MedicalResearch.com Interview with:

Traver Wright, Ph.D. Research Assistant Professor Department of Health and Kinesiology Texas A&M University College Station, TX

Dr. Wright

Traver Wright, Ph.D.
Research Assistant Professor
Department of Health and Kinesiology
Texas A&M University
College Station, TX

MedicalResearch.com: What is the background for this study?  

Response: Many cancer patients suffer from a loss of body mass known as cachexia which results in not only a loss of fat, but a debilitating loss of muscle mass and function. This cachexia negatively impacts patient mobility and quality of life, and can also reduce their eligibility to undergo treatments such as radiation and chemotherapy.  Despite the profound negative consequences of cachexia, there are no established therapies to directly address this debilitating loss of body mass during treatment.
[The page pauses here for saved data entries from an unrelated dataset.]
(* Let $Q\ge1$, $D\ge1$, and for $q=1,\dots,Q$ let $\alpha_q\ge0$ with $\sum_{q=1}^Q\alpha_q=1$, $\boldsymbol\mu_{q1},\boldsymbol\mu_{q2}\in\mathbb{R}^D$, $\boldsymbol\sigma_{q1}^2,\boldsymbol\sigma_{q2}^2\in\mathbb{R}^D$ with positive entries, and $\rho_q\in[-1,1]$. Let $p_{\mathrm{ngsm}}$ and $k_{\mathrm{ngsm}}$ be the NG-SM spectral density and kernel defined in the context. Let $L$ be an even positive integer and let $[\mathbf{w}_1^{(l)};\mathbf{w}_2^{(l)}]$, $l=1,\dots,L/2$, be i.i.d. random vectors in $\mathbb{R}^{2D}$ drawn from $p_{\mathrm{ngsm}}(\mathbf{w}_1,\mathbf{w}_2)$. Define the random feature map $\phi:\mathbb{R}^D\to\mathbb{R}^L$ by \[ \phi(\mathbf{x})=\sqrt{\tfrac{1}{2L}}\begin{bmatrix}\big(\cos(\mathbf{w}_1^{(l)\top}\mathbf{x})+\cos(\mathbf{w}_2^{(l)\top}\mathbf{x})\big)_{l=1}^{L/2}\\ \big(\sin(\mathbf{w}_1^{(l)\top}\mathbf{x})+\sin(\mathbf{w}_2^{(l)\top}\mathbf{x})\big)_{l=1}^{L/2}\end{bmatrix}. \] Then $\phi(\mathbf{x}_1)^\top\phi(\mathbf{x}_2)$ is an unbiased estimator of $k_{\mathrm{ngsm}}(\mathbf{x}_1,\mathbf{x}_2)$, i.e. $\mathbb{E}[\phi(\mathbf{x}_1)^\top\phi(\mathbf{x}_2)]=k_{\mathrm{ngsm}}(\mathbf{x}_1,\mathbf{x}_2)$ for all $\mathbf{x}_1,\mathbf{x}_2\in\mathbb{R}^D$.
   Context: For each $q$, set $\boldsymbol\Sigma_1=\operatorname{diag}(\boldsymbol\sigma_{q1}^2)$, $\boldsymbol\Sigma_2=\operatorname{diag}(\boldsymbol\sigma_{q2}^2)$, $\boldsymbol\Sigma_c=\rho_q\operatorname{diag}(\boldsymbol\sigma_{q1})\operatorname{diag}(\boldsymbol\sigma_{q2})$ (index $q$ suppressed), and let $\mathcal{N}_q$ denote the Gaussian density on $\mathbb{R}^{2D}$ with mean $(\boldsymbol\mu_{q1},\boldsymbol\mu_{q2})$ and covariance $\begin{bmatrix}\boldsymbol\Sigma_1&\boldsymbol\Sigma_c^\top\\ \boldsymbol\Sigma_c&\boldsymbol\Sigma_2\end{bmatrix}$. Define $s_q(\mathbf{w}_1,\mathbf{w}_2)=\tfrac12\mathcal{N}_q(\mathbf{w}_1,\mathbf{w}_2)+\tfrac12\mathcal{N}_q(-\mathbf{w}_1,-\mathbf{w}_2)$ and $p_{\mathrm{ngsm}}(\mathbf{w}_1,\mathbf{w}_2)=\sum_{q=1}^Q\alpha_q s_q(\mathbf{w}_1,\mathbf{w}_2)$. The NG-SM kernel is \[ \begin{aligned} k_{\mathrm{ngsm}}(\mathbf{x}_1,\mathbf{x}_2)=\frac14\sum_{q=1}^Q\alpha_q\Big[&\exp\!\big(-\tfrac12(\mathbf{x}_1^\top\boldsymbol\Sigma_1\mathbf{x}_1-2\mathbf{x}_1^\top\boldsymbol\Sigma_c\mathbf{x}_2+\mathbf{x}_2^\top\boldsymbol\Sigma_2\mathbf{x}_2)\big)\cos(\boldsymbol\mu_{q1}^\top\mathbf{x}_1-\boldsymbol\mu_{q2}^\top\mathbf{x}_2)\\ &+\exp\!\big(-\tfrac12(\mathbf{x}_2^\top\boldsymbol\Sigma_1\mathbf{x}_2-2\mathbf{x}_1^\top\boldsymbol\Sigma_c\mathbf{x}_2+\mathbf{x}_1^\top\boldsymbol\Sigma_2\mathbf{x}_1)\big)\cos(\boldsymbol\mu_{q1}^\top\mathbf{x}_2-\boldsymbol\mu_{q2}^\top\mathbf{x}_1)\\ &+\exp\!\big(-\tfrac12(\mathbf{x}_1-\mathbf{x}_2)^\top\boldsymbol\Sigma_1(\mathbf{x}_1-\mathbf{x}_2)\big)\cos(\boldsymbol\mu_{q1}^\top(\mathbf{x}_1-\mathbf{x}_2))\\ &+\exp\!\big(-\tfrac12(\mathbf{x}_1-\mathbf{x}_2)^\top\boldsymbol\Sigma_2(\mathbf{x}_1-\mathbf{x}_2)\big)\cos(\boldsymbol\mu_{q2}^\top(\mathbf{x}_1-\mathbf{x}_2))\Big]. \end{aligned} \] *)

theory Defs
  imports "HOL-Analysis.Analysis" "HOL-Probability.Probability"
begin

definition diagm :: "real^'n \<Rightarrow> real^'n^'n" where
  "diagm v = (\<chi> i j. if i = j then v $ i else 0)"

definition stack :: "real^'d \<Rightarrow> real^'d \<Rightarrow> real^('d + 'd)" where
  "stack a b = (\<chi> k. case k of Inl i \<Rightarrow> a $ i | Inr i \<Rightarrow> b $ i)"

definition top_part :: "real^('d + 'd) \<Rightarrow> real^'d" where
  "top_part w = (\<chi> i. w $ Inl i)"

definition bot_part :: "real^('d + 'd) \<Rightarrow> real^'d" where
  "bot_part w = (\<chi> i. w $ Inr i)"

definition block :: "real^'d^'d \<Rightarrow> real^'d^'d \<Rightarrow> real^'d^'d \<Rightarrow> real^'d^'d \<Rightarrow> real^('d+'d)^('d+'d)" where
  "block A B C E = (\<chi> r c. case (r, c) of
       (Inl i, Inl j) \<Rightarrow> A $ i $ j | (Inl i, Inr j) \<Rightarrow> B $ i $ j
     | (Inr i, Inl j) \<Rightarrow> C $ i $ j | (Inr i, Inr j) \<Rightarrow> E $ i $ j)"

definition gauss_density :: "real^'n \<Rightarrow> real^'n^'n \<Rightarrow> real^'n \<Rightarrow> real" where
  "gauss_density m C w =
     exp (- (1/2) * ((w - m) \<bullet> (matrix_inv C *v (w - m)))) / sqrt ((2 * pi) ^ CARD('n) * det C)"

text \<open>Parameters: sd1 q = \<sigma>_{q1}^2 (vector of variances), sd2 q = \<sigma>_{q2}^2.\<close>
definition Sig1 :: "(nat \<Rightarrow> real^'d) \<Rightarrow> nat \<Rightarrow> real^'d^'d" where
  "Sig1 s1 q = diagm (s1 q)"

definition Sig2 :: "(nat \<Rightarrow> real^'d) \<Rightarrow> nat \<Rightarrow> real^'d^'d" where
  "Sig2 s2 q = diagm (s2 q)"

definition Sigc :: "(nat \<Rightarrow> real) \<Rightarrow> (nat \<Rightarrow> real^'d) \<Rightarrow> (nat \<Rightarrow> real^'d) \<Rightarrow> nat \<Rightarrow> real^'d^'d" where
  "Sigc rho s1 s2 q = rho q *\<^sub>R (diagm (\<chi> i. sqrt (s1 q $ i)) ** diagm (\<chi> i. sqrt (s2 q $ i)))"

definition Nq :: "(nat \<Rightarrow> real^'d) \<Rightarrow> (nat \<Rightarrow> real^'d) \<Rightarrow> (nat \<Rightarrow> real^'d) \<Rightarrow> (nat \<Rightarrow> real^'d)
     \<Rightarrow> (nat \<Rightarrow> real) \<Rightarrow> nat \<Rightarrow> real^'d \<Rightarrow> real^'d \<Rightarrow> real" where
  "Nq mu1 mu2 s1 s2 rho q w1 w2 =
     gauss_density (stack (mu1 q) (mu2 q))
       (block (Sig1 s1 q) (transpose (Sigc rho s1 s2 q)) (Sigc rho s1 s2 q) (Sig2 s2 q))
       (stack w1 w2)"

definition sq :: "(nat \<Rightarrow> real^'d) \<Rightarrow> (nat \<Rightarrow> real^'d) \<Rightarrow> (nat \<Rightarrow> real^'d) \<Rightarrow> (nat \<Rightarrow> real^'d)
     \<Rightarrow> (nat \<Rightarrow> real) \<Rightarrow> nat \<Rightarrow> real^'d \<Rightarrow> real^'d \<Rightarrow> real" where
  "sq mu1 mu2 s1 s2 rho q w1 w2 =
     (1/2) * Nq mu1 mu2 s1 s2 rho q w1 w2 + (1/2) * Nq mu1 mu2 s1 s2 rho q (- w1) (- w2)"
In this National Cancer Institute funded double-blind, placebo-controlled study we examined the effectiveness of 7 weeks of treatment with the muscle-building hormone testosterone to preserve the body condition of men and women with cervical or head and neck cancer.  Twenty-one patients received weekly injections of either placebo or testosterone.  Over the 7 weeks of treatment, patients were monitored for changes in body composition, activity level, physical ability, and questionnaires regarding quality of life and well-being.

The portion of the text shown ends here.